RM65 Open Cabinet#

Overview#

This document describes the rm65-open-cabinet manipulation task environment. The environment uses an RM65 6-DOF robotic arm with a parallel gripper. The goal is to approach the bottom drawer handle, establish a stable grasp, and pull the drawer open.


Environment Description#

This task is built on an RM65 arm and a cabinet drawer scene. Although the registered environment name is rm65-open-cabinet, the current implementation actually targets the bottom drawer, using drawer_bottom_handle and drawer_bottom_joint in code.

Robot Structure#

The RM65 robot in this environment contains the following major components:

  • Base (base_link): Fixed in front of the workspace

  • 6 arm joints: joint_1 to joint_6

  • Parallel gripper: The main driven gripper joint is gripper_Left_1_Joint, while the other 5 gripper joints follow through mimic linkage

  • End effector (TCP): The gripper site, used to compute the relative pose between the tool center point and the drawer handle

  • Finger contact sites: left_finger_pad and right_finger_pad, used to evaluate handle alignment and penetration

Scene Objects#

  • Cabinet: Contains multiple doors and drawers

  • Target handle: drawer_bottom_handle

  • Target joint: drawer_bottom_joint, with a sliding range of 0.0 ~ 0.4 m

Task Objective#

The robot is expected to complete the following stages:

  1. Approach the handle: Move the TCP close to the drawer handle

  2. Align the pose: Match the gripper pose to the handle pose

  3. Secure the grasp: Close the gripper and maintain a stable grasp

  4. Open the drawer: Pull the bottom drawer along its sliding direction


Action Space#

The action space is Box(-inf, inf, (7,), float32).

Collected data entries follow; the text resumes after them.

lemma (in two_parameter) serre_B_qcomm_left:
  assumes "x * z = z * x" and "serre_A x y" and "serre_B y z"
  shows "serre_B (qcomm x y (r^2)) z"
proof -
  define g where "g = (!) [0, x, y, z, qcomm x y (r^2), qcomm y z (r^2),
    qcomm (qcomm y z (r^2)) z (r * s), qcomm (qcomm x y (r^2)) z (r^2),
    qcomm (qcomm (qcomm x y (r^2)) z (r^2)) z (r * s)]"
  have "list_all (\<lambda>P. peval g P = 0) serre_B_qcomm_left_hypotheses"
    using assms by (simp add: serre_B_qcomm_left_hypotheses_def g_def serre_A_def serre_B_def qcomm_one_eq_0_iff)
  from certified_sound[OF serre_B_qcomm_left_certified this admissible_divisors_nonzero]
  show ?thesis
    by (simp add: serre_B_qcomm_left_certificate_def g_def serre_B_def)
qed

definition serre_B3_relations_hypotheses :: "nc_poly list" where
  "serre_B3_relations_hypotheses =
    [pminus (pvar 4) (pqcomm (pvar 2) (pvar 3) (1,2,0)),
     pminus (pvar 5) (pqcomm (pvar 1) (pvar 4) (1,2,0)),
     pminus (pvar 6) (pqcomm (pvar 5) (pvar 3) (1,1,1)),
     pminus (pvar 7) (pqcomm (pvar 6) (pvar 2) (1,0,-2)),
     pminus (pvar 8) (pqcomm (pvar 4) (pvar 3) (1,1,1)),
     pminus (pvar 9) (pqcomm (pvar 1) (pvar 2) (1,2,0)),
     pqcomm (pvar 1) (pvar 3) (1,0,0),
     pqcomm (pvar 9) (pvar 2) (1,0,2),
     pqcomm (pvar 2) (pvar 4) (1,0,2),
     pqcomm (pvar 8) (pvar 3) (1,0,2)]"

definition serre_B3_relations_certificate :: "cert_step list" where
  "serre_B3_relations_certificate =
    [(pqcomm (pvar 3) (pvar 6) (1,0,-2), [(1,0,0)],
      [(1,2,-2,[4],6,[3]), (-1,2,-2,[],4,[1,3]), (-1,0,-2,[],1,[3,3]), (1,0,0,[3],1,[3]),
       (1,1,-1,[3],1,[3]), (-1,0,0,[],6,[4,3]), (-1,1,-1,[],6,[4,3]), (1,0,-2,[1],4,[3]),
       (1,2,-2,[8],6,[]), (1,2,-2,[],9,[1]), (-1,0,-2,[],2,[3]), (-1,2,0,[3,4],6,[]),
       (1,2,0,[3],4,[1]), (-1,1,1,[3,3],1,[]), (1,1,1,[3],6,[4]), (1,1,1,[],6,[3,4]),
       (-1,0,0,[1,3],4,[]), (1,0,0,[3],2,[]), (-1,0,-2,[1],9,[])]),
     (pqcomm (pvar 4) (pvar 8) (1,0,2), [(1,0,0)],
      [(-1,-1,1,[4],0,[3]), (-1,1,1,[],4,[2,3]), (1,-1,-1,[],8,[3,3]), (-1,1,1,[3],8,[3]),
       (-1,2,0,[3],8,[3]), (1,-1,1,[],0,[4,3]), (1,0,0,[],0,[4,3]), (1,-1,-1,[2],4,[3]),
       (-1,1,1,[8],0,[]), (1,3,1,[],9,[2]), (1,0,0,[4],4,[]), (-1,0,2,[],4,[4]),
       (1,1,1,[],4,[4]), (1,1,3,[3,4],0,[]), (1,3,3,[3],4,[2]), (1,4,2,[3,3],8,[]),
       (-1,2,2,[3],0,[4]), (-1,0,2,[],0,[3,4]), (-1,-1,1,[2,3],4,[]), (-1,-1,-1,[2],9,[])]),
     (pqcomm (pvar 2) (pvar 5) (1,0,0), [(1,0,2), (1,2,0)],
      [(-1,4,0,[3],5,[2]), (1,4,0,[],0,[1,2]), (1,4,0,[],6,[2,2]), (-1,2,2,[2],6,[2]),
       (-1,4,0,[2],6,[2]), (1,0,2,[],5,[3,2]), (1,2,0,[],5,[3,2]), (-1,2,0,[1],0,[2]),
       (-1,-2,2,[9],0,[]), (-1,0,0,[9],0,[]), (-1,0,0,[],7,[3]), (-1,0,2,[],1,[2]),
       (-1,2,0,[],1,[2]), (1,4,0,[3],7,[]), (1,2,2,[],0,[9]), (1,2,2,[2,3],5,[]),
       (-1,2,2,[2],0,[1]), (1,2,2,[2,2],6,[]), (-1,0,2,[2],5,[3]), (-1,-2,2,[],5,[2,3]),
       (1,-2,2,[1,2],0,[]), (1,0,2,[2],1,[]), (1,2,0,[2],1,[]), (1,-2,2,[],5,[4]),
       (1,0,0,[],5,[4]), (-1,2,2,[4],5,[]), (-1,4,0,[],8,[1]), (1,0,0,[1],8,[])]),
     (pminus (pqcomm (pvar 5) (pvar 4) (1,1,1)) (pqcomm (pvar 2) (pvar 6) (1,2,0)), [(1,0,0)],
      [(1,0,0,[5],0,[]), (1,2,0,[],2,[2]), (-1,0,0,[],12,[3]), (1,3,1,[3],12,[]),
       (-1,1,1,[],0,[5]), (-1,0,0,[2],2,[])]),
     (pqcomm (pvar 4) (pvar 6) (1,0,0), [(1,0,2), (1,1,1), (1,2,0)],
      [(-1,4,0,[4,4],6,[]), (1,4,0,[4],4,[1]), (1,2,0,[4],1,[3]), (1,5,1,[],4,[4,1]),
       (1,0,0,[],1,[4,3]), (-1,4,2,[3,4],1,[]), (1,1,3,[3],1,[4]), (-1,1,3,[],6,[4,4]),
       (-1,0,0,[1,4],4,[]), (1,0,2,[1],4,[4]), (-1,4,0,[],11,[1]), (-1,0,0,[],13,[3]),
       (1,2,2,[4],6,[4]), (1,3,1,[4],6,[4]), (-1,2,2,[],4,[1,4]), (-1,3,1,[],4,[1,4]),
       (-1,0,2,[],1,[3,4]), (-1,1,1,[],1,[3,4]), (-1,2,2,[8],1,[]), (-1,3,1,[8],1,[]),
       (-1,0,2,[],2,[4]), (-1,1,1,[],2,[4]), (1,1,1,[4],2,[]), (1,2,0,[4],2,[]),
       (1,2,2,[],4,[5]), (1,3,1,[],4,[5]), (1,2,2,[3],13,[]), (1,0,2,[],0,[6]),
       (1,0,2,[2],10,[]), (1,0,0,[1],11,[]), (-1,2,0,[6],0,[]), (-1,4,2,[],10,[2])]),
     (pqcomm (pvar 6) (pvar 4) (1,0,0), [(1,0,0)],
      [(-1,0,0,[],14,[])]),
     (pqcomm (pvar 4) (pvar 7) (1,0,-2), [(1,0,0)],
      [(-1,0,-2,[6],8,[]), (1,0,0,[],14,[2]), (-1,0,-2,[],3,[4]), (1,0,0,[4],3,[]),
       (1,0,-4,[],8,[6]), (-1,0,-4,[2],14,[])]),
     (pqcomm (pvar 7) (pvar 4) (1,0,2), [(1,0,0)],
      [(-1,0,2,[],16,[])]),
     (pqcomm (pvar 6) (pvar 8) (1,0,2), [(1,0,0)],
      [(1,0,0,[6],4,[]), (-1,0,0,[],14,[3]), (1,1,3,[],10,[4]), (-1,0,2,[4],10,[]),
       (-1,0,2,[],4,[6]), (1,1,3,[3],14,[])]),
     (pqcomm (pvar 3) (pvar 7) (1,-2,-2), [(1,0,0)],
      [(1,-2,-2,[6],0,[]), (1,0,0,[],10,[2]), (-1,-2,-2,[],3,[3]), (1,0,0,[3],3,[]),
       (-1,-2,-2,[],0,[6]), (-1,-2,-2,[2],10,[]), (1,-2,-2,[],14,[])]),
     (pqcomm (pvar 7) (pvar 3) (1,2,2), [(1,0,0)],
      [(-1,2,2,[],19,[])]),
     (pqcomm (pvar 7) (pvar 8) (1,2,4), [(1,0,0)],
      [(1,0,0,[7],4,[]), (-1,0,2,[],16,[3]), (1,3,3,[],19,[4]), (-1,2,4,[4],19,[]),
       (-1,2,4,[],4,[7]), (1,3,5,[3],16,[])])]"

lemma serre_B3_relations_certified:
  "certified serre_B3_relations_hypotheses serre_B3_relations_certificate"
  by code_simp

text \<open>
For x, y, z = e_{n-2}, e_{n-1}, e_n the elements u, u', v, v', v'' are the root vectors
E_{n-1,n}, E_{n-1,n'}, E_{n-2,n}, E_{n-2,n'} and E_{n-2,(n-1)'}.
\<close>

lemma (in two_parameter) serre_B3_relations:
  assumes "x * z = z * x" and "serre_A x y" and "serre_B y z"
  defines "u \<equiv> qcomm y z (r^2)" and "u' \<equiv> qcomm (qcomm y z (r^2)) z (r * s)"
    and "v \<equiv> qcomm x (qcomm y z (r^2)) (r^2)"
    and "v' \<equiv> qcomm (qcomm x (qcomm y z (r^2)) (r^2)) z (r * s)"
    and "v'' \<equiv> qcomm (qcomm (qcomm x (qcomm y z (r^2)) (r^2)) z (r * s)) y (inverse (s^2))"
  shows "qcomm v u (r * s) = qcomm y v' (r^2)"
    and "qcomm v'' z ((r * s)^2) = 0"
    and "qcomm v' u 1 = 0"
    and "qcomm v' u' (s^2) = 0"
    and "qcomm v'' u (s^2) = 0"
    and "qcomm v'' u' ((r * s^2)^2) = 0"
proof -
  define g where "g = (!) [0, x, y, z, u, v, v', v'', u', qcomm x y (r^2)]"
  have "list_all (\<lambda>P. peval g P = 0) serre_B3_relations_hypotheses"
    using assms by (simp add: serre_B3_relations_hypotheses_def g_def serre_A_def serre_B_def qcomm_one_eq_0_iff)
  from certified_sound[OF serre_B3_relations_certified this admissible_divisors_nonzero]
  show "qcomm v u (r * s) = qcomm y v' (r^2)"
    and "qcomm v'' z ((r * s)^2) = 0"
    and "qcomm v' u 1 = 0"
    and "qcomm v' u' (s^2) = 0"
    and "qcomm v'' u (s^2) = 0"
    and "qcomm v'' u' ((r * s^2)^2) = 0"
    by (simp_all add: serre_B3_relations_certificate_def g_def)
qed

The first 6 dimensions control arm joint targets, and the last dimension controls gripper opening and closing.

Control Mode#

  • Arm: Uses joint_target mode by default, with normalized target actions Arm actions are clipped to [-1, 1] first, then linearly mapped to each joint control range

  • Gripper: Uses binary mode by default The raw action is converted to a closing probability through a Sigmoid function, then turned into a binary open/close command with hysteresis

Action Dimension Details#

Index

Action Description

Raw Input Range

Controlled Target

0

Joint 1 target

(-inf, inf)

joint_1

1

Joint 2 target

(-inf, inf)

joint_2

2

Joint 3 target

(-inf, inf)

joint_3

3

Joint 4 target

(-inf, inf)

joint_4

4

Joint 5 target

(-inf, inf)

joint_5

5

Joint 6 target

(-inf, inf)

joint_6

6

Gripper open/close

(-inf, inf)

gripper_Left_1_Joint

Control Constraints#

  • Control period: ctrl_dt = 0.025s, corresponding to 40 Hz

  • The arm uses speed limits, acceleration limits, action delay, and first-order actuator lag by default

  • During training, arm delay, lag, speed limits, and acceleration limits are randomized per episode to improve sim-to-real robustness

  • The gripper uses hysteresis thresholds:

    • Open-to-close threshold: 0.78

    • Close-to-open threshold: 0.62

    • Minimum switching interval: 0.25s


Observation Space#

The observation space is Box(-inf, inf, (84,), float32), and the final observation is clipped to [-5, 5].

Observation Components#

The observation is composed of the following 4 parts:

  1. Joint positions (7 dimensions)

    • 6 arm joints

    • 1 primary gripper joint

    • All normalized to [-1, 1]

  2. Joint velocities (7 dimensions)

    • Estimated by finite differences between consecutive joint positions

    • Then divided by 2 for scaling

  3. Target relative pose (7 dimensions)

    • Relative position from TCP to handle

    • Relative orientation from TCP to handle in quaternion form

  4. Action history (63 dimensions)

    • Raw actions from the most recent 9 steps

    • 7 values per step, for 9 × 7 = 63 dimensions

Observation Dimension Details#

Index Range

Description

Dimension

0-6

Normalized joint positions

7

7-13

Joint velocities

7

14-16

Relative position from TCP to handle

3

17-20

Relative orientation quaternion

4

21-83

Recent 9-step action history

63

Observation Noise#

Sim-to-real observation perturbations are enabled by default, including:

  • Joint position and velocity noise

  • Handle position and orientation noise

  • Persistent handle observation bias

  • Random handle observation dropout, optionally holding the previous observation on dropout


Reward Function#

The reward is a staged composite design that encourages approach, alignment, stable grasping, and continuous drawer opening.

Main Reward Terms#

  1. Distance reward

    dist_reward = 15.0 * (1 - tanh(distance / 0.4))
    

    Encourages the TCP to stay close to the handle.

  2. Orientation reward

    Computed from quaternion similarity between the TCP pose and the handle pose, and only applied when the TCP is sufficiently close to the handle.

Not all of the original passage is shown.